MINISTERS this week heralded a 20-year high in the number of teachers in English schools, and a reduction in unfilled posts.

But critics accused them of complacency, in the face of continuing recruitment difficulties and figures showing a three-fold increase in the number of unqualified instructors in classrooms.

The latest Government statistics confirm provisional data released in April showing a 9,400 increase in the teaching force to a record 410,200 full-time equivalent posts, excluding supply teachers, between January 2001 and 2002.

However, the number of qualified, full-time teachers rose by only 1,400. The biggest increase was in the number of unqualified instructors working in classrooms, which doubled from 4,300 to 8,100. When Labour came to power in 1997, the figure stood at only 2,500.

The number of people working towards qualified teacher status via on the job training (mainly the Graduate Teacher Programme) was also up, from 1,300 to 3,300.

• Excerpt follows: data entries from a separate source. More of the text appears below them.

lemma q_factor_nonneg: "j \<in> {1..N} \<Longrightarrow> x \<in> {z (j - 1)..z j} \<Longrightarrow> 0 \<le> q_factor j x"
  unfolding q_factor_def using integral_inverse_weight_nonneg Acoef_nonneg by (simp add: add_nonneg_nonneg)

lemma qfun_eq_q_piece:
  assumes "j \<in> {1..N}" "x \<in> tau z j"
  shows "qfun a c z N x = q_piece j x"
  using A.tilde_eq_g_tilde[OF assms] C.tilde_eq_g_tilde[OF assms] Iac_eq_integral[OF assms(1), of x] assms(2)
  unfolding qfun_def Let_def piece_eq[OF A.z_less assms] q_piece_def q_factor_def weight_def
  by (simp add: tau_def)

lemma continuous_on_q_piece: "j \<in> {1..N} \<Longrightarrow> continuous_on {z (j - 1)..z j} (q_piece j)"
  unfolding q_piece_def[abs_def] using continuous_on_weight continuous_on_q_factor
  by (intro continuous_intros)

lemma q_piece_has_derivative:
  assumes "j \<in> {1..N}" "x \<in> tau z j"
  shows "(q_piece j has_real_derivative weight' j x * q_factor j x + 1) (at x)"
proof -
  have "weight j x \<noteq> 0" using weight_pos[OF assms(1) A.tau_subset_Icc[OF assms(2)]] by simp
  then show ?thesis
    using DERIV_mult[OF weight_has_derivative[OF assms] q_factor_has_derivative[OF assms]]
    unfolding q_piece_def[abs_def] by simp
qed

lemma q_piece_strict_mono:
  assumes "j \<in> {1..N}" "x \<in> {z (j - 1)..z j}" "y \<in> {z (j - 1)..z j}" "x < y"
  shows "q_piece j x < q_piece j y"
proof (rule DERIV_pos_imp_increasing_open[OF assms(4)])
  fix t assume "x < t" "t < y"
  then have t: "t \<in> tau z j" using assms by (auto simp: tau_def)
  have "0 \<le> weight' j t * q_factor j t"
    using weight'_nonneg[OF assms(1) t] q_factor_nonneg[OF assms(1) A.tau_subset_Icc[OF t]] by simp
  then show "\<exists>D. (q_piece j has_real_derivative D) (at t) \<and> 0 < D"
    using q_piece_has_derivative[OF assms(1) t] by force
qed (use assms in \<open>auto intro: continuous_on_subset[OF continuous_on_q_piece]\<close>)


lemma weight_ratio_a_mono:
  assumes "j \<in> {1..N}" "x \<in> tau z j"
  shows "weight' j x * A.g_piece j x - weight j x * A.g_piece' j x \<ge> 0"
proof -
  have x: "x \<in> {z (j - 1)..z j}" using assms(2) by (rule A.tau_subset_Icc)
  have "weight' j x * A.g_piece j x - weight j x * A.g_piece' j x
      = (C.g_tilde j x)\<^sup>2 * (A.g_tilde' j x * A.g_piece j x - A.g_tilde j x * A.g_piece' j x)
        + 2 * A.g_tilde j x * C.g_tilde j x * C.g_tilde' j x * A.g_piece j x"
    unfolding weight_def weight'_def by algebra
  moreover have "0 \<le> 2 * A.g_tilde j x * C.g_tilde j x * C.g_tilde' j x * A.g_piece j x"
    using A.g_tilde_pos[OF assms(1) x] C.g_tilde_pos[OF assms(1) x] C.g_tilde'_nonneg[OF assms]
      A.g_piece_pos[OF assms(1) x] by simp
  ultimately show ?thesis using A.g_tilde_ratio_mono[OF assms] by simp
qed

lemma weight_ratio_c2_mono:
  assumes "j \<in> {1..N}" "x \<in> tau z j"
  shows "weight' j x * (C.g_piece j x)\<^sup>2 - weight j x * (2 * C.g_piece j x * C.g_piece' j x) \<ge> 0"
proof -
  have x: "x \<in> {z (j - 1)..z j}" using assms(2) by (rule A.tau_subset_Icc)
  have "weight' j x * (C.g_piece j x)\<^sup>2 - weight j x * (2 * C.g_piece j x * C.g_piece' j x)
      = A.g_tilde' j x * (C.g_tilde j x * C.g_piece j x)\<^sup>2
        + 2 * A.g_tilde j x * C.g_tilde j x * C.g_piece j x
          * (C.g_tilde' j x * C.g_piece j x - C.g_tilde j x * C.g_piece' j x)"
    unfolding weight_def weight'_def by algebra
  moreover have "0 \<le> 2 * A.g_tilde j x * C.g_tilde j x * C.g_piece j x"
    using A.g_tilde_pos[OF assms(1) x] C.g_tilde_pos[OF assms(1) x] C.g_piece_pos[OF assms(1) x] by simp
  ultimately show ?thesis
    using A.g_tilde'_nonneg[OF assms] C.g_tilde_ratio_mono[OF assms] by simp
qed

lemma qfun_div_has_derivative_ge:
  assumes j: "j \<in> {1..N}" and x: "x \<in> tau z j"
    and h: "\<forall>y\<in>tau z j. g y = h y" "(h has_real_derivative h') (at x)" "h x > 0"
    and ratio: "weight' j x * h x - weight j x * h' \<ge> 0"
  shows "\<exists>D. ((\<lambda>y. qfun a c z N y / g y) has_real_derivative D) (at x) \<and> 1 / g x \<le> D"
proof -
  have xc: "x \<in> {z (j - 1)..z j}" using x by (rule A.tau_subset_Icc)
  obtain D where D: "((\<lambda>y. weight j y * q_factor j y / h y) has_real_derivative D) (at x)" "1 / h x \<le> D"
    using DERIV_weighted_quotient_ge_inverse[OF weight_has_derivative[OF j x] q_factor_has_derivative[OF j x]
        h(2) weight_pos[OF j xc] h(3) q_factor_nonneg[OF j xc] ratio] by blast
  have "((\<lambda>y. qfun a c z N y / g y) has_real_derivative D) (at x)"
    by (rule has_field_derivative_transform_within_open[OF D(1) _ x])
       (use h(1) in \<open>auto simp: tau_def qfun_eq_q_piece[OF j] q_piece_def\<close>)
  then show ?thesis using D(2) h(1) x by auto
qed

lemma qfun_div_a_has_derivative_ge:
  assumes "j \<in> {1..N}" "x \<in> tau z j"
  shows "\<exists>D. ((\<lambda>y. qfun a c z N y / a y) has_real_derivative D) (at x) \<and> 1 / a x \<le> D"
  using A.g_eq_g_piece[OF assms(1)] A.g_piece_has_derivative[OF assms]
    A.g_piece_pos[OF assms(1) A.tau_subset_Icc[OF assms(2)]] weight_ratio_a_mono[OF assms]
  by (intro qfun_div_has_derivative_ge[OF assms]) auto

lemma qfun_div_c2_has_derivative_ge:
  assumes "j \<in> {1..N}" "x \<in> tau z j"
  shows "\<exists>D. ((\<lambda>y. qfun a c z N y / (c y)\<^sup>2) has_real_derivative D) (at x) \<and> 1 / (c x)\<^sup>2 \<le> D"
proof (rule qfun_div_has_derivative_ge[OF assms])
  show "((\<lambda>y. (C.g_piece j y)\<^sup>2) has_real_derivative 2 * C.g_piece j x * C.g_piece' j x) (at x)"
    by (rule derivative_eq_intros C.g_piece_has_derivative[OF assms] | simp)+
qed (use C.g_eq_g_piece[OF assms(1)] C.g_piece_pos[OF assms(1) C.tau_subset_Icc[OF assms(2)]]
       weight_ratio_c2_mono[OF assms] in auto)


lemma tendsto_qfun_div_at_left:
  assumes j: "j \<in> {1..N}" and H: "continuous_on {z (j - 1)..z j} H" "\<forall>y\<in>{z (j - 1)..z j}. H y > 0"
    and h: "\<forall>y\<in>tau z j. h y = H y"
  shows "((\<lambda>y. qfun a c z N y / h y) \<longlongrightarrow> q_piece j (z j) / H (z j)) (at_left (z j))"
proof -
  have "continuous_on {z (j - 1)..z j} (\<lambda>y. q_piece j y / H y)"
    using continuous_on_q_piece[OF j] H by (intro continuous_intros) force+
  from tendsto_at_left_of_continuous_on_Icc[OF A.piece_less[OF j] this] show ?thesis
    using h qfun_eq_q_piece[OF j] by (auto simp: tau_def)
qed

lemma tendsto_qfun_div_at_right:
  assumes j: "j \<in> {1..N}" and H: "continuous_on {z (j - 1)..z j} H" "\<forall>y\<in>{z (j - 1)..z j}. H y > 0"
    and h: "\<forall>y\<in>tau z j. h y = H y"
  shows "((\<lambda>y. qfun a c z N y / h y) \<longlongrightarrow> q_piece j (z (j - 1)) / H (z (j - 1))) (at_right (z (j - 1)))"
proof -
  have "continuous_on {z (j - 1)..z j} (\<lambda>y. q_piece j y / H y)"
    using continuous_on_q_piece[OF j] H by (intro continuous_intros) force+
  from tendsto_at_right_of_continuous_on_Icc[OF A.piece_less[OF j] this] show ?thesis
    using h qfun_eq_q_piece[OF j] by (auto simp: tau_def)
qed

lemma gamma_c_ge:
  assumes "1 \<le> m" "m < N"
  shows "1 \<le> gamma_c a c z m"
    and "A.g_piece (Suc m) (z m) / A.g_piece m (z m) \<le> gamma_c a c z m"
    and "(C.g_piece (Suc m) (z m))\<^sup>2 / (C.g_piece m (z m))\<^sup>2 \<le> gamma_c a c z m"
proof -
  have jm: "m \<in> {1..N}" and jm1: "Suc m \<in> {1..N}" using assms by auto
  have "llim a (z m) = A.g_piece m (z m)" "rlim a (z m) = A.g_piece (Suc m) (z m)"
    "llim (\<lambda>x. (c x)\<^sup>2) (z m) = (C.g_piece m (z m))\<^sup>2"
    "rlim (\<lambda>x. (c x)\<^sup>2) (z m) = (C.g_piece (Suc m) (z m))\<^sup>2"
    using llim_eqI[OF A.tendsto_g_at_left[OF jm]] rlim_eqI[OF A.tendsto_g_at_right[OF jm1]]
      llim_eqI[OF tendsto_power[OF C.tendsto_g_at_left[OF jm]]]
      rlim_eqI[OF tendsto_power[OF C.tendsto_g_at_right[OF jm1]]]
    by simp_all
  then show "1 \<le> gamma_c a c z m"
    "A.g_piece (Suc m) (z m) / A.g_piece m (z m) \<le> gamma_c a c z m"
    "(C.g_piece (Suc m) (z m))\<^sup>2 / (C.g_piece m (z m))\<^sup>2 \<le> gamma_c a c z m"
    unfolding gamma_c_def by auto
qed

David Miliband, school standards minister, said: "Finding and keeping good teachers remains a problem in certain areas but we have made great gains since 1997 and we are still making progress.

"The statistics speak for themselves. We have 9,400 more teachers this year than last, and we are attracting more to the profession every year."

But Graham Brady, his Tory shadow, said teacher vacancies under Labour had doubled, from 2,020 in 1997 to 4,480 this year.

"The reality is that teacher vacancies have doubled under Labour. Qualified, full-time teachers are being driven out of the profession by violence in the classroom and the endless stream of Government initiatives. Schools are now increasingly reliant on temporary staff."